Problem to work on:
For this task, every record below must be reproduced exactly.

Saved data entries:

lemma abs_quadratic_le:
  fixes a b s B :: real
  assumes "\<bar>s\<bar> \<le> B"
  shows "\<bar>a * s + b * s\<^sup>2\<bar> \<le> \<bar>a\<bar> * B + \<bar>b\<bar> * B\<^sup>2"
proof -
  have "s\<^sup>2 \<le> B\<^sup>2"
    using power_mono[OF assms, of 2] by simp
  then have "\<bar>a\<bar> * \<bar>s\<bar> + \<bar>b\<bar> * s\<^sup>2 \<le> \<bar>a\<bar> * B + \<bar>b\<bar> * B\<^sup>2"
    using assms by (intro add_mono mult_left_mono) auto
  moreover have "\<bar>a * s + b * s\<^sup>2\<bar> \<le> \<bar>a\<bar> * \<bar>s\<bar> + \<bar>b\<bar> * s\<^sup>2"
    using abs_triangle_ineq[of "a * s" "b * s\<^sup>2"] by (simp add: abs_mult)
  ultimately show ?thesis by linarith
qed

lemma consecutive_Ioo_unique:
  assumes "consecutive E p q" "consecutive E p' q'" "t \<in> {p<..<q}" "t \<in> {p'<..<q'}"
  shows "p' = p \<and> q' = q"
proof -
  have "p' \<notin> {p<..<q}" "q' \<notin> {p<..<q}" "p \<notin> {p'<..<q'}" "q \<notin> {p'<..<q'}"
    using assms(1,2) unfolding consecutive_def by blast+
  then show ?thesis
    using assms(3,4) unfolding greaterThanLessThan_iff by linarith
qed

lemma consecutive_Ioo_subset_or_disjoint:
  assumes "consecutive E p q" "u \<in> E" "v \<in> E"
  shows "{p<..<q} \<subseteq> {u..v} \<or> {p<..<q} \<inter> {u..v} = {}"
proof (rule disjCI)
  assume "{p<..<q} \<inter> {u..v} \<noteq> {}"
  then obtain t where "t \<in> {p<..<q}" "t \<in> {u..v}" by blast
  moreover have "u \<notin> {p<..<q}" "v \<notin> {p<..<q}"
    using assms unfolding consecutive_def by blast+
  ultimately show "{p<..<q} \<subseteq> {u..v}" by auto
qed

definition pieces :: "real set \<Rightarrow> real \<Rightarrow> real \<Rightarrow> (real \<times> real) set" where
  "pieces E u v = {(p, q). consecutive E p q \<and> u \<le> p \<and> q \<le> v}"

lemma finite_consecutive: "finite E \<Longrightarrow> finite {(p, q). consecutive E p q}"
  by (rule finite_subset[of _ "E \<times> E"]) (auto simp: consecutive_def)

lemma finite_pieces: "finite E \<Longrightarrow> finite (pieces E u v)"
  by (rule finite_subset[OF _ finite_consecutive]) (auto simp: pieces_def)

lemma pieces_eq_empty: "v \<le> u \<Longrightarrow> pieces E u v = {}"
  by (auto simp: pieces_def consecutive_def)

lemma pieces_eq_singleton:
  assumes "u \<in> E" "v \<in> E" "u < v" "E \<inter> {u<..<v} = {}"
  shows "pieces E u v = {(u, v)}"
  using assms by (auto simp: pieces_def consecutive_def not_less dest!: le_neq_trans)

lemma pieces_split:
  assumes "w \<in> E" "u < w" "w < v"
  shows "pieces E u v = pieces E u w \<union> pieces E w v"
    and "pieces E u w \<inter> pieces E w v = {}"
  using assms by (auto simp: pieces_def consecutive_def)
    (metis IntI emptyE greaterThanLessThan_iff linorder_not_le)

lemma set_integral_Icc_eq_sum_pieces:
  fixes f :: "real \<Rightarrow> real"
  assumes "finite E" "set_integrable lborel {u..v} f" "u \<in> E" "v \<in> E" "u \<le> v"
  shows "(LINT t:{u..v}|lborel. f t) = (\<Sum>(p, q)\<in>pieces E u v. LINT t:{p<..<q}|lborel. f t)"
  using assms(2-)
proof (induction "card (E \<inter> {u<..<v})" arbitrary: u v rule: less_induct)
  case less
  show ?case
  proof (cases "E \<inter> {u<..<v} = {}")
    case True
    then show ?thesis
      using less.prems set_integral_Icc_eq_Ioo[of u v f]
      by (cases "u = v") (simp_all add: pieces_eq_empty pieces_eq_singleton set_lebesgue_integral_def)
  next
    case False
    then obtain w where w: "w \<in> E" "u < w" "w < v" by auto
    have "card (E \<inter> {u<..<w}) < card (E \<inter> {u<..<v})" "card (E \<inter> {w<..<v}) < card (E \<inter> {u<..<v})"
      using w assms(1) by (auto intro!: psubset_card_mono)
    moreover have "set_integrable lborel {u..w} f" "set_integrable lborel {w..v} f"
      using w by (auto intro: set_integrable_subset[OF less.prems(1)])
    ultimately have "(LINT t:{u..w}|lborel. f t) = (\<Sum>(p, q)\<in>pieces E u w. LINT t:{p<..<q}|lborel. f t)"
      and "(LINT t:{w..v}|lborel. f t) = (\<Sum>(p, q)\<in>pieces E w v. LINT t:{p<..<q}|lborel. f t)"
      using less.hyps less.prems w by auto
    then show ?thesis
      using set_integral_Icc_split[OF less.prems(1), of w] pieces_split[OF w] finite_pieces[OF assms(1)] w
      by (simp add: sum.union_disjoint)
  qed
qed

definition interval_mean :: "(real \<Rightarrow> real) \<Rightarrow> real \<Rightarrow> real \<Rightarrow> real" where
  "interval_mean f p q = (LINT t:{p<..<q}|lborel. f t) / (q - p)"

text \<open>Zero on \<open>E\<close> itself and outside the convex hull of \<open>E\<close>.\<close>
definition piecewise_mean :: "real set \<Rightarrow> (real \<Rightarrow> real) \<Rightarrow> real \<Rightarrow> real" where
  "piecewise_mean E f t =
     (\<Sum>(p, q)\<in>{(p, q). consecutive E p q}. indicator {p<..<q} t * interval_mean f p q)"

lemma piecewise_mean_eq:
  assumes "finite E" "consecutive E p q" "t \<in> {p<..<q}"
  shows "piecewise_mean E f t = interval_mean f p q"
proof -
  let ?S = "{(p, q). consecutive E p q}"
  let ?g = "\<lambda>(p, q). indicator {p<..<q} t * interval_mean f p q"
  have "?g k = 0" if k_mem: "k \<in> ?S - {(p, q)}" for k
  proof -
    obtain p' q' where k: "k = (p', q')" "consecutive E p' q'" "(p', q') \<noteq> (p, q)"
      using k_mem by (cases k) auto
    then have "t \<notin> {p'<..<q'}"
      using consecutive_Ioo_unique[OF assms(2) k(2) assms(3)] by blast
    then show ?thesis by (simp add: k(1))
  qed
  then have "piecewise_mean E f t = ?g (p, q)"
    unfolding piecewise_mean_def
    using sum.remove[OF finite_consecutive[OF assms(1)], of "(p, q)" ?g] assms(2) by simp
  then show ?thesis
    using assms(3) by simp
qed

Exercise result:
lemma abs_quadratic_le:
  fixes a b s B :: real
  assumes "\<bar>s\<bar> \<le> B"
  shows "\<bar>a * s + b * s\<^sup>2\<bar> \<le> \<bar>a\<bar> * B + \<bar>b\<bar> * B\<^sup>2"
proof -
  have "s\<^sup>2 \<le> B\<^sup>2"
    using power_mono[OF assms, of 2] by simp
  then have "\<bar>a\<bar> * \<bar>s\<bar> + \<bar>b\<bar> * s\<^sup>2 \<le> \<bar>a\<bar> * B + \<bar>b\<bar> * B\<^sup>2"
    using assms by (intro add_mono mult_left_mono) auto
  moreover have "\<bar>a * s + b * s\<^sup>2\<bar> \<le> \<bar>a\<bar> * \<bar>s\<bar> + \<bar>b\<bar> * s\<^sup>2"
    using abs_triangle_ineq[of "a * s" "b * s\<^sup>2"] by (simp add: abs_mult)
  ultimately show ?thesis by linarith
qed

lemma consecutive_Ioo_unique:
  assumes "consecutive E p q" "consecutive E p' q'" "t \<in> {p<..<q}" "t \<in> {p'<..<q'}"
  shows "p' = p \<and> q' = q"
proof -
  have "p' \<notin> {p<..<q}" "q' \<notin> {p<..<q}" "p \<notin> {p'<..<q'}" "q \<notin> {p'<..<q'}"
    using assms(1,2) unfolding consecutive_def by blast+
  then show ?thesis
    using assms(3,4) unfolding greaterThanLessThan_iff by linarith
qed

lemma consecutive_Ioo_subset_or_disjoint:
  assumes "consecutive E p q" "u \<in> E" "v \<in> E"
  shows "{p<..<q} \<subseteq> {u..v} \<or> {p<..<q} \<inter> {u..v} = {}"
proof (rule disjCI)
  assume "{p<..<q} \<inter> {u..v} \<noteq> {}"
  then obtain t where "t \<in> {p<..<q}" "t \<in> {u..v}" by blast
  moreover have "u \<notin> {p<..<q}" "v \<notin> {p<..<q}"
    using assms unfolding consecutive_def by blast+
  ultimately show "{p<..<q} \<subseteq> {u..v}" by auto
qed

definition pieces :: "real set \<Rightarrow> real \<Rightarrow> real \<Rightarrow> (real \<times> real) set" where
  "pieces E u v = {(p, q). consecutive E p q \<and> u \<le> p \<and> q \<le> v}"

lemma finite_consecutive: "finite E \<Longrightarrow> finite {(p, q). consecutive E p q}"
  by (rule finite_subset[of _ "E \<times> E"]) (auto simp: consecutive_def)

lemma finite_pieces: "finite E \<Longrightarrow> finite (pieces E u v)"
  by (rule finite_subset[OF _ finite_consecutive]) (auto simp: pieces_def)

lemma pieces_eq_empty: "v \<le> u \<Longrightarrow> pieces E u v = {}"
  by (auto simp: pieces_def consecutive_def)

lemma pieces_eq_singleton:
  assumes "u \<in> E" "v \<in> E" "u < v" "E \<inter> {u<..<v} = {}"
  shows "pieces E u v = {(u, v)}"
  using assms by (auto simp: pieces_def consecutive_def not_less dest!: le_neq_trans)

lemma pieces_split:
  assumes "w \<in> E" "u < w" "w < v"
  shows "pieces E u v = pieces E u w \<union> pieces E w v"
    and "pieces E u w \<inter> pieces E w v = {}"
  using assms by (auto simp: pieces_def consecutive_def)
    (metis IntI emptyE greaterThanLessThan_iff linorder_not_le)

lemma set_integral_Icc_eq_sum_pieces:
  fixes f :: "real \<Rightarrow> real"
  assumes "finite E" "set_integrable lborel {u..v} f" "u \<in> E" "v \<in> E" "u \<le> v"
  shows "(LINT t:{u..v}|lborel. f t) = (\<Sum>(p, q)\<in>pieces E u v. LINT t:{p<..<q}|lborel. f t)"
  using assms(2-)
proof (induction "card (E \<inter> {u<..<v})" arbitrary: u v rule: less_induct)
  case less
  show ?case
  proof (cases "E \<inter> {u<..<v} = {}")
    case True
    then show ?thesis
      using less.prems set_integral_Icc_eq_Ioo[of u v f]
      by (cases "u = v") (simp_all add: pieces_eq_empty pieces_eq_singleton set_lebesgue_integral_def)
  next
    case False
    then obtain w where w: "w \<in> E" "u < w" "w < v" by auto
    have "card (E \<inter> {u<..<w}) < card (E \<inter> {u<..<v})" "card (E \<inter> {w<..<v}) < card (E \<inter> {u<..<v})"
      using w assms(1) by (auto intro!: psubset_card_mono)
    moreover have "set_integrable lborel {u..w} f" "set_integrable lborel {w..v} f"
      using w by (auto intro: set_integrable_subset[OF less.prems(1)])
    ultimately have "(LINT t:{u..w}|lborel. f t) = (\<Sum>(p, q)\<in>pieces E u w. LINT t:{p<..<q}|lborel. f t)"
      and "(LINT t:{w..v}|lborel. f t) = (\<Sum>(p, q)\<in>pieces E w v. LINT t:{p<..<q}|lborel. f t)"
      using less.hyps less.prems w by auto
    then show ?thesis
      using set_integral_Icc_split[OF less.prems(1), of w] pieces_split[OF w] finite_pieces[OF assms(1)] w
      by (simp add: sum.union_disjoint)
  qed
qed

definition interval_mean :: "(real \<Rightarrow> real) \<Rightarrow> real \<Rightarrow> real \<Rightarrow> real" where
  "interval_mean f p q = (LINT t:{p<..<q}|lborel. f t) / (q - p)"

text \<open>Zero on \<open>E\<close> itself and outside the convex hull of \<open>E\<close>.\<close>
definition piecewise_mean :: "real set \<Rightarrow> (real \<Rightarrow> real) \<Rightarrow> real \<Rightarrow> real" where
  "piecewise_mean E f t =
     (\<Sum>(p, q)\<in>{(p, q). consecutive E p q}. indicator {p<..<q} t * interval_mean f p q)"

lemma piecewise_mean_eq:
  assumes "finite E" "consecutive E p q" "t \<in> {p<..<q}"
  shows "piecewise_mean E f t = interval_mean f p q"
proof -
  let ?S = "{(p, q). consecutive E p q}"
  let ?g = "\<lambda>(p, q). indicator {p<..<q} t * interval_mean f p q"
  have "?g k = 0" if k_mem: "k \<in> ?S - {(p, q)}" for k
  proof -
    obtain p' q' where k: "k = (p', q')" "consecutive E p' q'" "(p', q') \<noteq> (p, q)"
      using k_mem by (cases k) auto
    then have "t \<notin> {p'<..<q'}"
      using consecutive_Ioo_unique[OF assms(2) k(2) assms(3)] by blast
    then show ?thesis by (simp add: k(1))
  qed
  then have "piecewise_mean E f t = ?g (p, q)"
    unfolding piecewise_mean_def
    using sum.remove[OF finite_consecutive[OF assms(1)], of "(p, q)" ?g] assms(2) by simp
  then show ?thesis
    using assms(3) by simp
qed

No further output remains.